Пошла в дом, вернулась с толстым ватным одеялом в руках, бодро сказала, как о чем-то решенном:
– Они спят, все нормально, можем тут.
– Лена… Ты знаешь, что Настя Ленкой тебя зовет?
– Конечно, не заговаривай зубы.
Она расстелила одеяло на полу, подсела к нему, обняла, посмотрела в глаза.
– Ты правда меня любишь?
– Давно уже.
– Тогда думай не о себе, а обо мне. Мне это нужно.
– Подлая ты. Знаешь, что сказать.
– Я поэт или нет? Умею, да.
Все получилось почти смешно – путались в одежде, уронили стул, шептались, хихикали, пытались настроиться на серьезный лад, но ничего не вышло. Елена гладила по щеке, успокаивала:
– Ты слишком долго этого ждал. Немного полежим, ты привыкнешь, все будет нормально.
– В другой раз.
Антон встал, оделся и пошел к машине.
Ехал так же быстро, как и сюда. Почему-то хотел, чтобы остановила дорожная полиция. Он начнет спорить, они будут хамить, он возмутится, завяжется драка, ему наденут наручники, отвезут в отделение, он там переночует среди бомжей и алкашей…
Но никто не остановил, только штрафы потом пришли – видеокамеры в нескольких местах зафиксировали превышение скорости.
Потом было несколько дней горячей работы, а в воскресенье он должен был вылететь на отдых к далекому и теплому синему морю.
В субботу вечером позвонила Елена.
– Привет, ты дома?
– Да.
– Один?
– Да.
– Отлично. А я уже тут, прямо у твоего подъезда. И трезвая, – добавила она со смешком.
– И что?
– Неужели кофе не напоишь?
– Ты кофе попить приехала?
– Это хамство, Антон, впусти – поговорим.
Войдя, она тут же, в прихожей, начала его целовать, говоря:
– Я знаю, что ты обо мне думаешь. То есть не знаю, но мне все равно. Ты, наверно, подумал, что я была пьяная и поэтому? Нет. Меня к тебе потащило. Очень сильно. Я все это время о тебе думала.

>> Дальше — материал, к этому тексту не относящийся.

(* $$\int_0^{\pi/2} x^2\sec(x)\ln(\sin(x))\,dx = \frac{45}{16}\zeta(4)-4G^2.$$
   Context: $\zeta$ denotes the Riemann zeta function and $G=\sum_{k\ge1}(-1)^{k+1}/(2k-1)^2$ is Catalan's constant. *)

theory Defs
  imports "HOL-Analysis.Analysis"
begin

definition zeta :: "real \<Rightarrow> real" where
  "zeta s = (\<Sum>n. 1 / (real (Suc n)) powr s)"

text \<open>Catalan's constant G = sum over k \<ge> 1 of (-1)^(k+1)/(2k-1)^2 (reindexed from k = 0).\<close>
definition catalan :: real where
  "catalan = (\<Sum>k. (-1) ^ k / (2 * real k + 1) ^ 2)"

end

theory Submission
  imports Defs
begin

(*
  Let K(x,u) = 4u(1-u^2) cos x / ((1+u^2)(1 - 2u^2 cos 2x + u^4)). For 0 < x < pi/2 we have
  int_0^1 K(x,u) du = -ln(sin x)/cos x, since K is the u-derivative of
  (ln(1+u^2) - ln(1 - 2u^2 cos 2x + u^4)/2)/cos x. On the other hand
  K(x,u) = 4u/(1+u^2) sum_N u^(2N) cos((2N+1)x), and integrating x^2 cos((2N+1)x) termwise gives
  int_0^(pi/2) x^2 K(x,u) dx = 4/(1+u^2) (pi^2/4 arctan u - 2 Ti_3(u)),
  where Ti_s(u) = sum_k (-1)^k u^(2k+1)/(2k+1)^s. As Ti_3' = Ti_2/u and Ti_2' = arctan/u, the latter
  has the antiderivative pi^2/2 arctan^2 - 8 Ti_3 arctan + 4 Ti_2^2, so by Tonelli the integral is
  -(pi^4/32 - 2 pi Ti_3(1) + 4 G^2). Finally Ti_3(1) = pi^3/32 and zeta(4) = pi^4/90 follow from
  the reflection formula for the polygamma functions.
*)

lemma DERIV_unique_on_open:
  fixes f g :: "real \<Rightarrow> real"
  assumes "(f has_real_derivative a) (at x)" "(g has_real_derivative b) (at x)"
    and "open S" "x \<in> S" "\<And>y. y \<in> S \<Longrightarrow> f y = g y"
  shows "a = b"
  using has_field_derivative_transform_within_open[OF assms(1,3,4,5)] assms(2)
  by (rule DERIV_unique)

lemma has_integral_swap_nonneg:
  fixes f :: "'a::euclidean_space \<Rightarrow> 'b::euclidean_space \<Rightarrow> real"
  assumes S: "S \<in> sets lborel" and T: "T \<in> sets lborel"
    and f_meas: "(\<lambda>(x, y). f x y) \<in> borel_measurable (lborel \<Otimes>\<^sub>M lborel)"
    and nonneg: "\<And>x y. x \<in> S \<Longrightarrow> y \<in> T \<Longrightarrow> 0 \<le> f x y"
    and g: "\<And>x. x \<in> S \<Longrightarrow> ((\<lambda>y. f x y) has_integral g x) T"
    and h: "\<And>y. y \<in> T \<Longrightarrow> ((\<lambda>x. f x y) has_integral h y) S"
    and V: "(h has_integral V) T"
  shows "(g has_integral V) S"
proof -
  define F where "F x y = ennreal (indicator S x * (indicator T y * f x y))" for x y
  have F_meas: "(\<lambda>(x, y). F x y) \<in> borel_measurable (lborel \<Otimes>\<^sub>M lborel)"
    unfolding F_def using S T f_meas by measurable
  have g_nonneg: "0 \<le> g x" if "x \<in> S" for x
    using has_integral_nonneg[OF g[OF that]] nonneg that by auto
  have h_nonneg: "0 \<le> h y" if "y \<in> T" for y
    using has_integral_nonneg[OF h[OF that]] nonneg that by auto
  have inner_x: "(\<integral>\<^sup>+y. F x y \<partial>lborel) = ennreal (indicator S x * g x)" for x
  proof (cases "x \<in> S")
    case True
    thus ?thesis
      using nn_integral_has_integral_lebesgue[OF nonneg g, OF True _ True] by (simp add: F_def)
  qed (simp add: F_def)
  have inner_y: "(\<integral>\<^sup>+x. F x y \<partial>lborel) = ennreal (indicator T y * h y)" for y
  proof (cases "y \<in> T")
    case True
    thus ?thesis
      using nn_integral_has_integral_lebesgue[OF nonneg h, OF _ True True] by (simp add: F_def mult.left_commute)
  qed (simp add: F_def)
  have "(\<integral>\<^sup>+x. ennreal (indicator S x * g x) \<partial>lborel) = (\<integral>\<^sup>+x. (\<integral>\<^sup>+y. F x y \<partial>lborel) \<partial>lborel)"
    by (simp add: inner_x)
  also have "\<dots> = (\<integral>\<^sup>+y. (\<integral>\<^sup>+x. F x y \<partial>lborel) \<partial>lborel)"
    using F_meas by (intro lborel_pair.Fubini' [symmetric]) simp
  also have "\<dots> = ennreal V"
    unfolding inner_y using h_nonneg V by (intro nn_integral_has_integral_lebesgue) auto
  finally have "(\<integral>\<^sup>+x. ennreal (indicator S x * g x) \<partial>lborel) = ennreal V" .
  moreover have "0 \<le> V"
    using has_integral_nonneg[OF V] h_nonneg by auto
  moreover have "(\<lambda>x. indicator S x * g x) \<in> borel_measurable borel"
  proof -
    have "(\<lambda>x. enn2real (\<integral>\<^sup>+y. F x y \<partial>lborel)) \<in> borel_measurable lborel"
      using F_meas by measurable
    thus ?thesis using g_nonneg by (simp add: inner_x indicator_def)
  qed
  ultimately have "((\<lambda>x. indicator S x * g x) has_integral V) UNIV"
    using g_nonneg by (intro nn_integral_has_integral) (auto simp: indicator_def)
  moreover have "(\<lambda>x. indicator S x * g x) = (\<lambda>x. if x \<in> S then g x else 0)"
    by (auto simp: indicator_def)
  ultimately show ?thesis
    by (simp add: has_integral_restrict_UNIV)
qed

– Так не бывает. Сто лет знакомы – и разглядела?
– А вот да, разглядела. Ну, улыбнись, обрадуйся. Ты страшно мнительный.
– А ты нет?
И еще что-то говорили, неловко топчась, будто в странном танце, переместились в комнату. Из последующего Антон помнит только свой выкрик:
– Да пошло оно все к черту, в конце-то концов!
То ли он от чего-то начисто отрекался, то ли, наоборот, что-то без рассуждений принял.
Утром Елена спросила:
– Если я скажу, что ты лучше всех, кто у меня был, поверишь?

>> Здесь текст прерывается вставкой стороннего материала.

(* Let $\mathcal{P}$ be a profile of unrooted phylogenetic trees whose display graph $G(\mathcal{P})$ is connected. Then $G(\mathcal{P})$ has a complete set of pairwise parallel nice minimal cuts if and only if it has a complete set of pairwise parallel legal minimal cuts.
   Context: A phylogenetic tree is an unrooted tree whose leaves are bijectively labeled (leaves identified with labels; internal vertices have degree at least three). A profile $\mathcal{P}=\{T_1,\dots,T_k\}$ is a finite collection of phylogenetic trees; internal vertices of distinct trees are disjoint, while leaves with the same label are the same vertex. The display graph $G(\mathcal{P})$ has vertex set $\bigcup_i V(T_i)$ and edge set $\bigcup_i E(T_i)$. An edge of an input tree is internal if both endpoints are internal (non-leaf) vertices. For a vertex $u$ of an input tree, $\mathrm{Inc}(u)$ is the set of edges of $G(\mathcal{P})$ incident with $u$. A cut of a connected graph $G$ is $F\subseteq E(G)$ with $G-F$ (same vertices, edges of $F$ removed) disconnected; minimal if no proper subset is a cut. Minimal cuts $F,F'$ are parallel if $G-F$ has at most one connected component $H$ with $E(H)\cap F'\neq\emptyset$. A cut $F$ of $G(\mathcal{P})$ is legal if for every $T\in\mathcal{P}$ there is $u\in V(T)$ with $F\cap E(T)\subseteq\mathrm{Inc}(u)$; nice if legal and every component of $G(\mathcal{P})-F$ contains at least one edge. A set $\mathcal{F}$ of cuts of $G(\mathcal{P})$ is complete if for every $T\in\mathcal{P}$ and every internal edge $e$ of $T$ there is $F\in\mathcal{F}$ with $F\cap E(T)=\{e\}$. *)

theory Defs
  imports Main
begin

definition adj :: "'v set set \<Rightarrow> ('v \<times> 'v) set" where
  "adj E = {(u, v). {u, v} \<in> E}"

definition graph_connected :: "'v set \<Rightarrow> 'v set set \<Rightarrow> bool" where
  "graph_connected V E \<longleftrightarrow> (\<forall>u\<in>V. \<forall>v\<in>V. (u, v) \<in> (adj E)\<^sup>*)"

definition components :: "'v set \<Rightarrow> 'v set set \<Rightarrow> 'v set set" where
  "components V E = {{v \<in> V. (u, v) \<in> (adj E)\<^sup>*} | u. u \<in> V}"

definition comp_edges :: "'v set set \<Rightarrow> 'v set \<Rightarrow> 'v set set" where
  "comp_edges E C = {e \<in> E. e \<subseteq> C}"

definition is_graph :: "'v set \<Rightarrow> 'v set set \<Rightarrow> bool" where
  "is_graph V E \<longleftrightarrow> finite V \<and> E \<subseteq> {{a, b} | a b. a \<noteq> b \<and> a \<in> V \<and> b \<in> V}"

definition degree :: "'v set set \<Rightarrow> 'v \<Rightarrow> nat" where
  "degree E v = card {e \<in> E. v \<in> e}"

definition is_tree :: "'v set \<Rightarrow> 'v set set \<Rightarrow> bool" where
  "is_tree V E \<longleftrightarrow> is_graph V E \<and> V \<noteq> {} \<and> graph_connected V E \<and>
     (\<forall>e\<in>E. \<not> graph_connected V (E - {e}))"

type_synonym 'v tree = "'v set \<times> 'v set set"

definition tverts :: "'v tree \<Rightarrow> 'v set" where "tverts T = fst T"
definition tedges :: "'v tree \<Rightarrow> 'v set set" where "tedges T = snd T"

definition leaves :: "'v tree \<Rightarrow> 'v set" where
  "leaves T = {v \<in> tverts T. degree (tedges T) v \<le> 1}"

definition internal_verts :: "'v tree \<Rightarrow> 'v set" where
  "internal_verts T = tverts T - leaves T"

text \<open>Phylogenetic tree: leaves are the labels themselves (identified with
their labels); internal vertices have degree at least three.\<close>
definition phylo_tree :: "'v tree \<Rightarrow> bool" where
  "phylo_tree T \<longleftrightarrow> is_tree (tverts T) (tedges T) \<and>
     (\<forall>v \<in> internal_verts T. degree (tedges T) v \<ge> 3)"

text \<open>Profile: finite set of phylogenetic trees; distinct trees share only
leaves (same label = same vertex), internal vertices are disjoint.\<close>
definition profile :: "'v tree set \<Rightarrow> bool" where
  "profile P \<longleftrightarrow> finite P \<and> (\<forall>T\<in>P. phylo_tree T) \<and>
     (\<forall>T\<in>P. \<forall>T'\<in>P. T \<noteq> T' \<longrightarrow>
        tverts T \<inter> tverts T' \<subseteq> leaves T \<inter> leaves T')"

definition dverts :: "'v tree set \<Rightarrow> 'v set" where
  "dverts P = (\<Union>T\<in>P. tverts T)"
definition dedges :: "'v tree set \<Rightarrow> 'v set set" where
  "dedges P = (\<Union>T\<in>P. tedges T)"

definition internal_edge :: "'v tree \<Rightarrow> 'v set \<Rightarrow> bool" where
  "internal_edge T e \<longleftrightarrow> e \<in> tedges T \<and> e \<inter> leaves T = {}"

definition Inc :: "'v tree set \<Rightarrow> 'v \<Rightarrow> 'v set set" where
  "Inc P u = {e \<in> dedges P. u \<in> e}"

definition is_cut :: "'v set \<Rightarrow> 'v set set \<Rightarrow> 'v set set \<Rightarrow> bool" where
  "is_cut V E F \<longleftrightarrow> F \<subseteq> E \<and> \<not> graph_connected V (E - F)"

definition minimal_cut :: "'v set \<Rightarrow> 'v set set \<Rightarrow> 'v set set \<Rightarrow> bool" where
  "minimal_cut V E F \<longleftrightarrow> is_cut V E F \<and> (\<forall>F'. F' \<subset> F \<longrightarrow> \<not> is_cut V E F')"

definition parallel :: "'v set \<Rightarrow> 'v set set \<Rightarrow> 'v set set \<Rightarrow> 'v set set \<Rightarrow> bool" where
  "parallel V E F F' \<longleftrightarrow>
     (\<forall>C1 \<in> components V (E - F). \<forall>C2 \<in> components V (E - F).
        comp_edges (E - F) C1 \<inter> F' \<noteq> {} \<longrightarrow> comp_edges (E - F) C2 \<inter> F' \<noteq> {} \<longrightarrow> C1 = C2)"

definition legal_cut :: "'v tree set \<Rightarrow> 'v set set \<Rightarrow> bool" where
  "legal_cut P F \<longleftrightarrow> is_cut (dverts P) (dedges P) F \<and>
     (\<forall>T\<in>P. \<exists>u\<in>tverts T. F \<inter> tedges T \<subseteq> Inc P u)"

definition nice_cut :: "'v tree set \<Rightarrow> 'v set set \<Rightarrow> bool" where
  "nice_cut P F \<longleftrightarrow> legal_cut P F \<and>
     (\<forall>C \<in> components (dverts P) (dedges P - F). comp_edges (dedges P - F) C \<noteq> {})"

definition complete_cuts :: "'v tree set \<Rightarrow> 'v set set set \<Rightarrow> bool" where
  "complete_cuts P \<F> \<longleftrightarrow> (\<forall>F\<in>\<F>. is_cut (dverts P) (dedges P) F) \<and>
     (\<forall>T\<in>P. \<forall>e. internal_edge T e \<longrightarrow> (\<exists>F\<in>\<F>. F \<inter> tedges T = {e}))"

end

theory Submission
  imports Defs
begin

text \<open>Nice cuts are legal, so only the converse needs an argument: in a complete family of
  legal minimal cuts, every cut \<open>F\<close> with \<open>F \<inter> E(T) = {e}\<close> for an internal edge \<open>e\<close> of a tree \<open>T\<close>
  is already nice, hence discarding the cuts that are not nice keeps the family complete. Indeed,
  an edgeless component of \<open>G(\<P>) - F\<close> is an isolated vertex \<open>u\<close>, so \<open>Inc(u) \<subseteq> F\<close>; since \<open>Inc(u)\<close>
  is itself a cut, minimality gives \<open>F = Inc(u)\<close>. Then \<open>u\<close> is an endpoint of \<open>e\<close> with only one
  incident edge in \<open>T\<close>, although internal vertices of a phylogenetic tree have degree at least
  three.\<close>

lemma is_graph_display_graph:
  assumes "profile P"
  shows "is_graph (dverts P) (dedges P)"
  unfolding is_graph_def
proof
  have "finite P" "\<forall>T\<in>P. finite (tverts T)"
    using assms unfolding profile_def phylo_tree_def is_tree_def is_graph_def by auto
  then show "finite (dverts P)" unfolding dverts_def by blast
  show "dedges P \<subseteq> {{a, b} | a b. a \<noteq> b \<and> a \<in> dverts P \<and> b \<in> dverts P}"
  proof
    fix e assume "e \<in> dedges P"
    then obtain T where T: "T \<in> P" "e \<in> tedges T" unfolding dedges_def by blast
    with assms obtain a b where "e = {a, b}" "a \<noteq> b" "a \<in> tverts T" "b \<in> tverts T"
      unfolding profile_def phylo_tree_def is_tree_def is_graph_def by blast
    with T(1) show "e \<in> {{a, b} | a b. a \<noteq> b \<and> a \<in> dverts P \<and> b \<in> dverts P}"
      unfolding dverts_def by blast
  qed
qed

lemma edgeless_component_isolated:
  assumes graph: "is_graph V E"
    and C: "C \<in> components V (E - F)"
    and edgeless: "comp_edges (E - F) C = {}"
  obtains u where "u \<in> V" "{e \<in> E. u \<in> e} \<subseteq> F"
proof -
  from C obtain u where u: "u \<in> V" and C_def: "C = {v \<in> V. (u, v) \<in> (adj (E - F))\<^sup>*}"
    unfolding components_def by blast
  have "{e \<in> E. u \<in> e} \<subseteq> F"
  proof (rule subsetI, rule ccontr)
    fix e assume e: "e \<in> {e \<in> E. u \<in> e}" and "e \<notin> F"
    then obtain x where "e = {u, x}" "x \<in> V"
      using graph unfolding is_graph_def by blast
    with e \<open>e \<notin> F\<close> have "(u, x) \<in> adj (E - F)" unfolding adj_def by auto
    with \<open>e = {u, x}\<close> \<open>x \<in> V\<close> u C_def have "e \<subseteq> C" by auto
    with e \<open>e \<notin> F\<close> edgeless show False unfolding comp_edges_def by blast
  qed
  with u show thesis by (rule that)
qed

lemma minimal_cut_eq_incident_edges:
  assumes min: "minimal_cut V E F"
    and u: "u \<in> V" and incident: "{e \<in> E. u \<in> e} \<subseteq> F"
  shows "F = {e \<in> E. u \<in> e}"
proof -
  define F\<^sub>u where "F\<^sub>u = {e \<in> E. u \<in> e}"
  have "\<not> graph_connected V (E - F)"
    using min unfolding minimal_cut_def is_cut_def by simp
  then obtain a b where "a \<in> V" "b \<in> V" "a \<noteq> b"
    unfolding graph_connected_def by blast
  then obtain w where w: "w \<in> V" "w \<noteq> u" by blast
  have "(u, x) \<notin> adj (E - F\<^sub>u)" for x
    by (auto simp: adj_def F\<^sub>u_def)
  then have "(u, w) \<notin> (adj (E - F\<^sub>u))\<^sup>*"
    using w(2) by (auto elim: converse_rtranclE)
  with u w(1) have "is_cut V E F\<^sub>u"
    unfolding is_cut_def graph_connected_def F\<^sub>u_def by auto
  with min incident show ?thesis
    unfolding minimal_cut_def F\<^sub>u_def by blast
qed

lemma internal_edge_endpoint_degree:
  assumes "profile P" "T \<in> P" "internal_edge T e" "u \<in> e"
  shows "3 \<le> degree (tedges T) u"
proof -
  from assms(1,2) have tree: "phylo_tree T" unfolding profile_def by simp
  with assms(3) have "e \<subseteq> tverts T"
    unfolding phylo_tree_def is_tree_def is_graph_def internal_edge_def by blast
  with assms(3,4) have "u \<in> internal_verts T"
    unfolding internal_edge_def internal_verts_def by blast
  with tree show ?thesis unfolding phylo_tree_def by blast
qed

lemma nice_cut_if_covers_internal_edge:
  assumes prof: "profile P" and legal: "legal_cut P F"
    and min: "minimal_cut (dverts P) (dedges P) F"
    and T: "T \<in> P" and internal: "internal_edge T e" and covers: "F \<inter> tedges T = {e}"
  shows "nice_cut P F"
  unfolding nice_cut_def
proof (intro conjI ballI notI)
  show "legal_cut P F" by (fact legal)
  fix C
  assume "C \<in> components (dverts P) (dedges P - F)" "comp_edges (dedges P - F) C = {}"
  with is_graph_display_graph[OF prof] obtain u
    where u: "u \<in> dverts P" "{e \<in> dedges P. u \<in> e} \<subseteq> F"
    by (rule edgeless_component_isolated)
  have "tedges T \<subseteq> dedges P" using T unfolding dedges_def by blast
  with minimal_cut_eq_incident_edges[OF min u] covers
  have incident_T: "{e' \<in> tedges T. u \<in> e'} = {e}" by blast
  then have "u \<in> e" by blast
  with prof T internal have "3 \<le> degree (tedges T) u"
    by (rule internal_edge_endpoint_degree)
  with incident_T show False unfolding degree_def by simp
qed

lemma complete_cuts_restrict:
  assumes "complete_cuts P \<F>"
    and "\<And>F T e. F \<in> \<F> \<Longrightarrow> T \<in> P \<Longrightarrow> internal_edge T e \<Longrightarrow> F \<inter> tedges T = {e} \<Longrightarrow> Q F"
  shows "complete_cuts P {F \<in> \<F>. Q F}"
  using assms unfolding complete_cuts_def by (metis (mono_tags, lifting) mem_Collect_eq)

theorem lemma8:
  fixes P :: "'v tree set"
  assumes "profile P"
    and "graph_connected (dverts P) (dedges P)"
  shows "(\<exists>\<F>. complete_cuts P \<F> \<and>
            (\<forall>F\<in>\<F>. nice_cut P F \<and> minimal_cut (dverts P) (dedges P) F) \<and>
            (\<forall>F\<in>\<F>. \<forall>F'\<in>\<F>. parallel (dverts P) (dedges P) F F'))
     \<longleftrightarrow> (\<exists>\<F>. complete_cuts P \<F> \<and>
            (\<forall>F\<in>\<F>. legal_cut P F \<and> minimal_cut (dverts P) (dedges P) F) \<and>
            (\<forall>F\<in>\<F>. \<forall>F'\<in>\<F>. parallel (dverts P) (dedges P) F F'))"
    (is "?nice \<longleftrightarrow> ?legal")
proof
  show "?nice \<Longrightarrow> ?legal" unfolding nice_cut_def by blast
next
  assume ?legal
  then obtain \<F> where complete: "complete_cuts P \<F>"
    and legal_min: "\<forall>F\<in>\<F>. legal_cut P F \<and> minimal_cut (dverts P) (dedges P) F"
    and par: "\<forall>F\<in>\<F>. \<forall>F'\<in>\<F>. parallel (dverts P) (dedges P) F F'" by blast
  have "complete_cuts P {F \<in> \<F>. nice_cut P F}"
    using complete
  proof (rule complete_cuts_restrict)
    fix F T e
    assume "F \<in> \<F>" "T \<in> P" "internal_edge T e" "F \<inter> tedges T = {e}"
    with legal_min show "nice_cut P F"
      using nice_cut_if_covers_internal_edge[OF assms(1)] by blast
  qed
  with legal_min par show ?nice by blast
qed

end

– Редкий мужик такому не поверит.
– Я правду говорю.
И Антон не полетел к далекому и теплому синему морю.
Отпуск провел в Кратове. Заодно нанял людей для расчистки сада и ремонта дачи. Татьяна Борисовна и Настя уехали в Москву, а Елена и Антон дни и ночи проводили в уже готовой комнате, слыша, как в остальных стучат, пилят, сверлят, как совсем рядом переговариваются рабочие, свободно при этом матерясь, забыв, что хозяева неподалеку.
Через пару недель Антон убедился в невероятном – Елена в него влюбилась. Не мог понять, как это произошло, но – произошло.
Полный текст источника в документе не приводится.